━━ DATASET ENTRIES
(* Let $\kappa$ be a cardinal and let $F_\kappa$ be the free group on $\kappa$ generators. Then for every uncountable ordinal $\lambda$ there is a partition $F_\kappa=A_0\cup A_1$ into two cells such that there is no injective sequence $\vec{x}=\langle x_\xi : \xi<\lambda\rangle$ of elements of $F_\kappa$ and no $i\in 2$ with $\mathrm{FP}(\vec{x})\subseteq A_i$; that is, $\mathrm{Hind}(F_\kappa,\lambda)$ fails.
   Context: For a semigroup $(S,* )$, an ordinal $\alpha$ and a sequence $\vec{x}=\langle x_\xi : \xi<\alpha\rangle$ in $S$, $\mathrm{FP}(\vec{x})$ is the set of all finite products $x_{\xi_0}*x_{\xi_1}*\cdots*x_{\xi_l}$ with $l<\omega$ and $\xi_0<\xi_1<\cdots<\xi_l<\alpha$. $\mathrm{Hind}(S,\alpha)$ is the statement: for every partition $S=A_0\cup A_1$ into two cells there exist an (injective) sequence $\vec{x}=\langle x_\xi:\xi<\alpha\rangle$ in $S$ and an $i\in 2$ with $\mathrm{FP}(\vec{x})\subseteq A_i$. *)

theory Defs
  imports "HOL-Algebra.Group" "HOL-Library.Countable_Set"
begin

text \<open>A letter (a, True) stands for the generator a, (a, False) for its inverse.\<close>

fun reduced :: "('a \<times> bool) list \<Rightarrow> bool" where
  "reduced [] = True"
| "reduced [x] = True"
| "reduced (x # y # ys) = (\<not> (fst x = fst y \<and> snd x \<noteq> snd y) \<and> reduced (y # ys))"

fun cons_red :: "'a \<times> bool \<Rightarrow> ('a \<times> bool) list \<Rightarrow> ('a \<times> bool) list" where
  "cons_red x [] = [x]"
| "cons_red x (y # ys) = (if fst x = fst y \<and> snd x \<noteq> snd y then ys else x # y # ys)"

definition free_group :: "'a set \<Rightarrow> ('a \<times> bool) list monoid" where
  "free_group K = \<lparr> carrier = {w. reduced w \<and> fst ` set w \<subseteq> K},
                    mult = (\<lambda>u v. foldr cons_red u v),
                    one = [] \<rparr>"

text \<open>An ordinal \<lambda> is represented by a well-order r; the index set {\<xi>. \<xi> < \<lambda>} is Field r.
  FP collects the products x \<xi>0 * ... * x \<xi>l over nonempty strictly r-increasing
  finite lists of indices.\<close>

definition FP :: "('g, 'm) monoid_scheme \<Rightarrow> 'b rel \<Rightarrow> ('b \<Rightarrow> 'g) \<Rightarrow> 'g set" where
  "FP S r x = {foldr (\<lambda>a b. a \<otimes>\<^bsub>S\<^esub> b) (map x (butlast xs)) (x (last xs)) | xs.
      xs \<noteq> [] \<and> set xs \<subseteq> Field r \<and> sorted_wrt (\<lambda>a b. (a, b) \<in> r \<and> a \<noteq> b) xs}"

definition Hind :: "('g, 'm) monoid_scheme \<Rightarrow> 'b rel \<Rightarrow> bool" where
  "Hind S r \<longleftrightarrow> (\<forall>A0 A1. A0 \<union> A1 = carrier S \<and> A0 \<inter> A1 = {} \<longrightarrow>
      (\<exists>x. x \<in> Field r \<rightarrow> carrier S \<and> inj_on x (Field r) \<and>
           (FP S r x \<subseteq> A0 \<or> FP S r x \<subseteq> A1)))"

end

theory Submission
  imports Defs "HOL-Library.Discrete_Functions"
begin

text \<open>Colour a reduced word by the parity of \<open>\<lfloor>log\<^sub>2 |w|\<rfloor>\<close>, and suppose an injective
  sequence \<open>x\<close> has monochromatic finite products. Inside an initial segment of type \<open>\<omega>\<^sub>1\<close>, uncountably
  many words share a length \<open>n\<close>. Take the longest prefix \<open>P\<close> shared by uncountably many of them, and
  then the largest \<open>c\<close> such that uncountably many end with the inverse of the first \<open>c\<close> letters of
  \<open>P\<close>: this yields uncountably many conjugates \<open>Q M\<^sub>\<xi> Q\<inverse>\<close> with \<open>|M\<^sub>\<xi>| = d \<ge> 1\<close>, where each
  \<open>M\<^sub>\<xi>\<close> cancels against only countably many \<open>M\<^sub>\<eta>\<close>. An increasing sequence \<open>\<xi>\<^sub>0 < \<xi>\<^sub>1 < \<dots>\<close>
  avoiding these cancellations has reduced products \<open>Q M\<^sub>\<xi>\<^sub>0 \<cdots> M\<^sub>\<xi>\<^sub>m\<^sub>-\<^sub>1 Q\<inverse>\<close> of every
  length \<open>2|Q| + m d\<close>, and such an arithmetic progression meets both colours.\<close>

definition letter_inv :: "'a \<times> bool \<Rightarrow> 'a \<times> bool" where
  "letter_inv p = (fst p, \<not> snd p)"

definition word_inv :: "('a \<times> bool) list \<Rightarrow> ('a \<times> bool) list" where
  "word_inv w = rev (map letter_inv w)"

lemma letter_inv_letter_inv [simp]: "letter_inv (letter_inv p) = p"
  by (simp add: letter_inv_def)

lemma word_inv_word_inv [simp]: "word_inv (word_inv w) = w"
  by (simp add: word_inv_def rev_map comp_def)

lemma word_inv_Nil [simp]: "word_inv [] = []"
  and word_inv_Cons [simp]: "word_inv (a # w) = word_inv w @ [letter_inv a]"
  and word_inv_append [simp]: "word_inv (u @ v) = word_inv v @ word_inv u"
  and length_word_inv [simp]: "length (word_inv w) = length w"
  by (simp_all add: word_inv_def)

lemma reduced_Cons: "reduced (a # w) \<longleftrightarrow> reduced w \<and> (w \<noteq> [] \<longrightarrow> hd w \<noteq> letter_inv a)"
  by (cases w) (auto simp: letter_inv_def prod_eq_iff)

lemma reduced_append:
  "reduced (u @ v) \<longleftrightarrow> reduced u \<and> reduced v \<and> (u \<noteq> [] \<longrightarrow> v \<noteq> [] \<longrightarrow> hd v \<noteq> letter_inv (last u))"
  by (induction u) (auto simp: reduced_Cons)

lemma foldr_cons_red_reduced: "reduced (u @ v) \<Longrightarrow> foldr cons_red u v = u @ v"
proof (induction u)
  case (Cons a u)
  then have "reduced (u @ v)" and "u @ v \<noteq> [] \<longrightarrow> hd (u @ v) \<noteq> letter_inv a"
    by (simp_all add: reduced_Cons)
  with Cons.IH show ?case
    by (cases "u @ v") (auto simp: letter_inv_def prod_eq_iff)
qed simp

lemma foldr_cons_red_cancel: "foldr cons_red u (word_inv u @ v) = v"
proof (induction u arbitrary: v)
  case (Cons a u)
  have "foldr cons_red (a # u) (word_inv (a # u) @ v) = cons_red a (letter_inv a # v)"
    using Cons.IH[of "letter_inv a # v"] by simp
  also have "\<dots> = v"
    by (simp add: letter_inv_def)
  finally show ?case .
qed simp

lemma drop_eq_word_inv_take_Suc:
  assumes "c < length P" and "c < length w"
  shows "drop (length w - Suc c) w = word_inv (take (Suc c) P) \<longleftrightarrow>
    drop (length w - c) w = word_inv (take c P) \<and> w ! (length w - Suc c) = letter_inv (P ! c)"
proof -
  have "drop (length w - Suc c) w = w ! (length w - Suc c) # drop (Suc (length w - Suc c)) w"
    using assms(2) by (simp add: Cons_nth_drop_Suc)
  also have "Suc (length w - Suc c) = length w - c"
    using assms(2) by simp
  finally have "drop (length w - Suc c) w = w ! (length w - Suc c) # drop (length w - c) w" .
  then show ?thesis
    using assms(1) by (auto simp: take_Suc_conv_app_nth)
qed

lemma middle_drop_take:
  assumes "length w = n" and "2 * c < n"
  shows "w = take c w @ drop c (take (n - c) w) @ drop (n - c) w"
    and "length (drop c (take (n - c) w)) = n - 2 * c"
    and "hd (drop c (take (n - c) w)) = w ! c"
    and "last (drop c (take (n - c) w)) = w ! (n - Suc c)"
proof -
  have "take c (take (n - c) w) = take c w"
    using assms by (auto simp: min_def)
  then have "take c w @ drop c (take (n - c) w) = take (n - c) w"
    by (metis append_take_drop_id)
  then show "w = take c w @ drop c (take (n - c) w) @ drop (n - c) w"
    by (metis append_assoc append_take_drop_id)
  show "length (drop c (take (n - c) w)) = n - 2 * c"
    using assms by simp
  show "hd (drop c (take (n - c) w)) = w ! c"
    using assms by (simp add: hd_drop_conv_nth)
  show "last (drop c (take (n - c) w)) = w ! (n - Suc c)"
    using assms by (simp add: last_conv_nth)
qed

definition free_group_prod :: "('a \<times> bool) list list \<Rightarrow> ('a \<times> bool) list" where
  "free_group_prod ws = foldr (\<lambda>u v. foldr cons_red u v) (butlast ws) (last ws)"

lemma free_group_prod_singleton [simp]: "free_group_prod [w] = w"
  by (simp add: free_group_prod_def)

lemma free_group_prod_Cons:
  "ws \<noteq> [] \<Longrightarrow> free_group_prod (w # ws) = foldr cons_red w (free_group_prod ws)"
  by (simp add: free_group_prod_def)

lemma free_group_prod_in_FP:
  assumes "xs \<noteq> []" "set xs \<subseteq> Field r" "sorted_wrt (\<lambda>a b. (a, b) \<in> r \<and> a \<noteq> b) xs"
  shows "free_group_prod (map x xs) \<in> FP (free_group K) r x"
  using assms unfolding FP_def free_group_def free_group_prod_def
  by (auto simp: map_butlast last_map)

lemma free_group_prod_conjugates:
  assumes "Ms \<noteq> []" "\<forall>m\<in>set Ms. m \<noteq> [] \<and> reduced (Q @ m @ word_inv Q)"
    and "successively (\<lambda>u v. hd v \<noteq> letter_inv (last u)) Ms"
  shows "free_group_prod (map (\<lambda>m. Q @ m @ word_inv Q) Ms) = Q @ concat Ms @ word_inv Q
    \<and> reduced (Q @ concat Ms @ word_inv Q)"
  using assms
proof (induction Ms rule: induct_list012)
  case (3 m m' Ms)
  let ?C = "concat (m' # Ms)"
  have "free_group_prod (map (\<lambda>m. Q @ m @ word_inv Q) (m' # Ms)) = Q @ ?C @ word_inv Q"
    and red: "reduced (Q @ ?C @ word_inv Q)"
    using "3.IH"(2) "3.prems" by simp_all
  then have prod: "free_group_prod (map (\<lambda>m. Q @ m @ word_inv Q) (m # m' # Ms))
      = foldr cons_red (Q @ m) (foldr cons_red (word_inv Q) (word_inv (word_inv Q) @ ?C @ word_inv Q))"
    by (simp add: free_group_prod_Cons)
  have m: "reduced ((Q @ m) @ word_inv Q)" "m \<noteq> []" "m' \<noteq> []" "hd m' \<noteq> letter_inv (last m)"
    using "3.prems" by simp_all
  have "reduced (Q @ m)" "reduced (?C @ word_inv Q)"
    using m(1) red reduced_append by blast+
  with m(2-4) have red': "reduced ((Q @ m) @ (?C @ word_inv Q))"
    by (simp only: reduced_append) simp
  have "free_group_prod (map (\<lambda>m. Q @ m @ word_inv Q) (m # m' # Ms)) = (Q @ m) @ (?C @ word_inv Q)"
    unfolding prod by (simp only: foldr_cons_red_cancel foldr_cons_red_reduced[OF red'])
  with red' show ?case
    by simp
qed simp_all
━━━━
━━ DATASET ENTRIES
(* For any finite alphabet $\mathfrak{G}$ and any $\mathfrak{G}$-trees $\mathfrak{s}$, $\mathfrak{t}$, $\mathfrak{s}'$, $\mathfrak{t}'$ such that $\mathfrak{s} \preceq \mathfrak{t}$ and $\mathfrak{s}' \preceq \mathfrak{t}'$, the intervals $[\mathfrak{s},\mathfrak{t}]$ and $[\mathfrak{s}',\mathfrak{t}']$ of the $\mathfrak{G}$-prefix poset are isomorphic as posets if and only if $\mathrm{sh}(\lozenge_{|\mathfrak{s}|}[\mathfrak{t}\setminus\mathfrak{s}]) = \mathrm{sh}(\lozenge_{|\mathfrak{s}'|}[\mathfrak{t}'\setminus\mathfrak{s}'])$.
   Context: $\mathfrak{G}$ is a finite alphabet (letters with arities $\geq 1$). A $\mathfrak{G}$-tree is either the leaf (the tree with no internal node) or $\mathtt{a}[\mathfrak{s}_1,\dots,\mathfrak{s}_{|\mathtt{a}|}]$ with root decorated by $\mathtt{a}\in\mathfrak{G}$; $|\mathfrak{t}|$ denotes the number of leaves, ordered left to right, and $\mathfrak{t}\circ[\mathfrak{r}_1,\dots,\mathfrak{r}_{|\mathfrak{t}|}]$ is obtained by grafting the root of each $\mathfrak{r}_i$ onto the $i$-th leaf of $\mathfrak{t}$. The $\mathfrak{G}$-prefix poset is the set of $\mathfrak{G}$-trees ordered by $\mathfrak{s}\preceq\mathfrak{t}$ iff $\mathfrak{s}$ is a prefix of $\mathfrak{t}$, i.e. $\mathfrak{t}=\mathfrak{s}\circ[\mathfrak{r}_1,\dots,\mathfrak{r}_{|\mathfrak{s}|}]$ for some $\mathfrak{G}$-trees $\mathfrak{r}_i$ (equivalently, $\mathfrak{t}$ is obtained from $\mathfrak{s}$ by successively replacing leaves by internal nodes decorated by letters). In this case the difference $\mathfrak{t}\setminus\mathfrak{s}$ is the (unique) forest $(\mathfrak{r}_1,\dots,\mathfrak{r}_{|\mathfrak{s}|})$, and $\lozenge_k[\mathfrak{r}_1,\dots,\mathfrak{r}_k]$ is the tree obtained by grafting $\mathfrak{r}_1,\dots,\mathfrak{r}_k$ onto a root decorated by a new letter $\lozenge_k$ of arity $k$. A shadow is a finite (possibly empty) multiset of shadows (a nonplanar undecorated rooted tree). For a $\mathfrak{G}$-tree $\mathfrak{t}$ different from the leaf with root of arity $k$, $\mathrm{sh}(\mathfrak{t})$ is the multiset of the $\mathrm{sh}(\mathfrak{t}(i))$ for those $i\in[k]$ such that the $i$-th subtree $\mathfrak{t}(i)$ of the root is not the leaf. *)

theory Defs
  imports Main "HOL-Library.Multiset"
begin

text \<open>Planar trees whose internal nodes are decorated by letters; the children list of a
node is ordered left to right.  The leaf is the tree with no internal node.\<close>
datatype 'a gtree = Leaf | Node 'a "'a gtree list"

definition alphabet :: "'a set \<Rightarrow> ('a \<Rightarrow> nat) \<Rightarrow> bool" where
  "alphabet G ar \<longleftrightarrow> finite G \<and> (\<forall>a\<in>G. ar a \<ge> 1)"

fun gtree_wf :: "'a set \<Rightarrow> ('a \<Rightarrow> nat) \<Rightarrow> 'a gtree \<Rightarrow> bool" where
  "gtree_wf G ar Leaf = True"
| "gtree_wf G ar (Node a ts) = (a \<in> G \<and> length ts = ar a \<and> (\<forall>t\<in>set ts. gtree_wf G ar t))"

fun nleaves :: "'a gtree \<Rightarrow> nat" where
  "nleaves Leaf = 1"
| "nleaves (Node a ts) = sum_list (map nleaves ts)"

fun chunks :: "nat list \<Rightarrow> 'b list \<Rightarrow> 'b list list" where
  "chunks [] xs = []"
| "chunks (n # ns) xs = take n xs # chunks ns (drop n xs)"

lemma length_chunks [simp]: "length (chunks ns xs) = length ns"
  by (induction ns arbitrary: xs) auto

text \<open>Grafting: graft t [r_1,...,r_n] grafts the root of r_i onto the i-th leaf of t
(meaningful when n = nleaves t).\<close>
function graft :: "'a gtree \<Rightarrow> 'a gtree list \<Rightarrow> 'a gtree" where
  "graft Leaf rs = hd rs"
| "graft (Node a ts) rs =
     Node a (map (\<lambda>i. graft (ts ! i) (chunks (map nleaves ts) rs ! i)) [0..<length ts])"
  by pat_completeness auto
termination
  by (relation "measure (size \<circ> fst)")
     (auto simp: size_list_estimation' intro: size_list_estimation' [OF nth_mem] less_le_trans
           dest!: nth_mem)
━━━━
━━ DATASET ENTRIES
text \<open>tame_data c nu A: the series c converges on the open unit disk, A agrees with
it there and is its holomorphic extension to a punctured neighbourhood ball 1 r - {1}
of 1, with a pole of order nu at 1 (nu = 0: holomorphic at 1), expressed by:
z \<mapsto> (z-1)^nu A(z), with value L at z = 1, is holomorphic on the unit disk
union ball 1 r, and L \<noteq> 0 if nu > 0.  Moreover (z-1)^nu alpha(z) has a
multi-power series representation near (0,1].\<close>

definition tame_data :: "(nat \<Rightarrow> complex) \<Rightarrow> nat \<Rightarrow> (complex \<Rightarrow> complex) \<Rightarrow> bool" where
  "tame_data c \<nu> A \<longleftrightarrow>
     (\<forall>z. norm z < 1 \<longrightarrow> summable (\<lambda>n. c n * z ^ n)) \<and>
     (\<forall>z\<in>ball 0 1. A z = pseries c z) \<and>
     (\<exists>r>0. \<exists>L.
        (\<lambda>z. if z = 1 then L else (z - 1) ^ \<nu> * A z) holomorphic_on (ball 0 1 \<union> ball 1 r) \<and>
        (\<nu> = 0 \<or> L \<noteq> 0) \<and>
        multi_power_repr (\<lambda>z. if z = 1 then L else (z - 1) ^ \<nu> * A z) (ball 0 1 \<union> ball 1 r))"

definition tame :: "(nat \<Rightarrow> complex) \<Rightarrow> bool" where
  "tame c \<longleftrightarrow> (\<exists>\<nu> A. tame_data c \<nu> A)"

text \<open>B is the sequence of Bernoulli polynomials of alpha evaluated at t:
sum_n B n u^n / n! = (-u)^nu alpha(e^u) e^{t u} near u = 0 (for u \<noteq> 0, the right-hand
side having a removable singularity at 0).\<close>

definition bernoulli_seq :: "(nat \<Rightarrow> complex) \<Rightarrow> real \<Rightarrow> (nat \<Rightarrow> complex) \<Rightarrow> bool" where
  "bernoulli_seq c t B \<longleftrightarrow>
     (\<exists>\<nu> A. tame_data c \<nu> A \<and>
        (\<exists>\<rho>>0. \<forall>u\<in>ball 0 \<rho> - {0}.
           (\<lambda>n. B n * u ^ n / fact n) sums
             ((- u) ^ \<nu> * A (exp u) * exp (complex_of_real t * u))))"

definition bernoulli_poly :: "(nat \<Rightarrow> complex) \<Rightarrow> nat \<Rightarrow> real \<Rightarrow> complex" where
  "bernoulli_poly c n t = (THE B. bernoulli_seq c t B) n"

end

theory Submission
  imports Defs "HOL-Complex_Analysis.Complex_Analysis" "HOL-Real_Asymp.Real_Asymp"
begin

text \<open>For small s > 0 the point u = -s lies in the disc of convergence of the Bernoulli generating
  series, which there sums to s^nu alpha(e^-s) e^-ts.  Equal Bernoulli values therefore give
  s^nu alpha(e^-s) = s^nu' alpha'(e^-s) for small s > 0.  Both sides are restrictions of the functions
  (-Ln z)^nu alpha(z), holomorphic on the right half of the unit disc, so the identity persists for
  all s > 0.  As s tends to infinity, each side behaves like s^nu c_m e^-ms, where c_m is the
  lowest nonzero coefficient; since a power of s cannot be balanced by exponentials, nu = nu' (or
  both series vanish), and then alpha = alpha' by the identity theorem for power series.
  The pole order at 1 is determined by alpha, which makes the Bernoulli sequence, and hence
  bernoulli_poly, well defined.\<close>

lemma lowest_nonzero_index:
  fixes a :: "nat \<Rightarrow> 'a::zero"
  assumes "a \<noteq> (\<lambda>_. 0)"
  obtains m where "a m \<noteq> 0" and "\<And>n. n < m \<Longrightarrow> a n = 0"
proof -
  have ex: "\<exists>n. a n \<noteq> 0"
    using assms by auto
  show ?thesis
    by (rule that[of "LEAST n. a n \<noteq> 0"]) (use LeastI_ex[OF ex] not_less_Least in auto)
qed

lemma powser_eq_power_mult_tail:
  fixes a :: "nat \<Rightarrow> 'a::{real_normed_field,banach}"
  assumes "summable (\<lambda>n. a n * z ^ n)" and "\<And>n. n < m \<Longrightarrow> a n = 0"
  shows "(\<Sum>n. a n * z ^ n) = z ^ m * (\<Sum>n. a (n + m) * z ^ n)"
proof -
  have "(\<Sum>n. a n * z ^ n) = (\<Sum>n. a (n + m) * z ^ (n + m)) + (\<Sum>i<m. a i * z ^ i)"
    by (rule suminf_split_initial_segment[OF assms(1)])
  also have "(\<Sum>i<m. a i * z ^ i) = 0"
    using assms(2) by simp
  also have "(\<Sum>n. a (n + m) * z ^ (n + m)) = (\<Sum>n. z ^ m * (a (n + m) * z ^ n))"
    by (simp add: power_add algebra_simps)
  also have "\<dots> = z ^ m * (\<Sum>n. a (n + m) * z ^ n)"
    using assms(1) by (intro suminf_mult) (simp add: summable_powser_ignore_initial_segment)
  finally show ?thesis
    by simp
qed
━━━━
Working through the records above, establish how many lines contain the string "sums", and reply with the number by itself.

2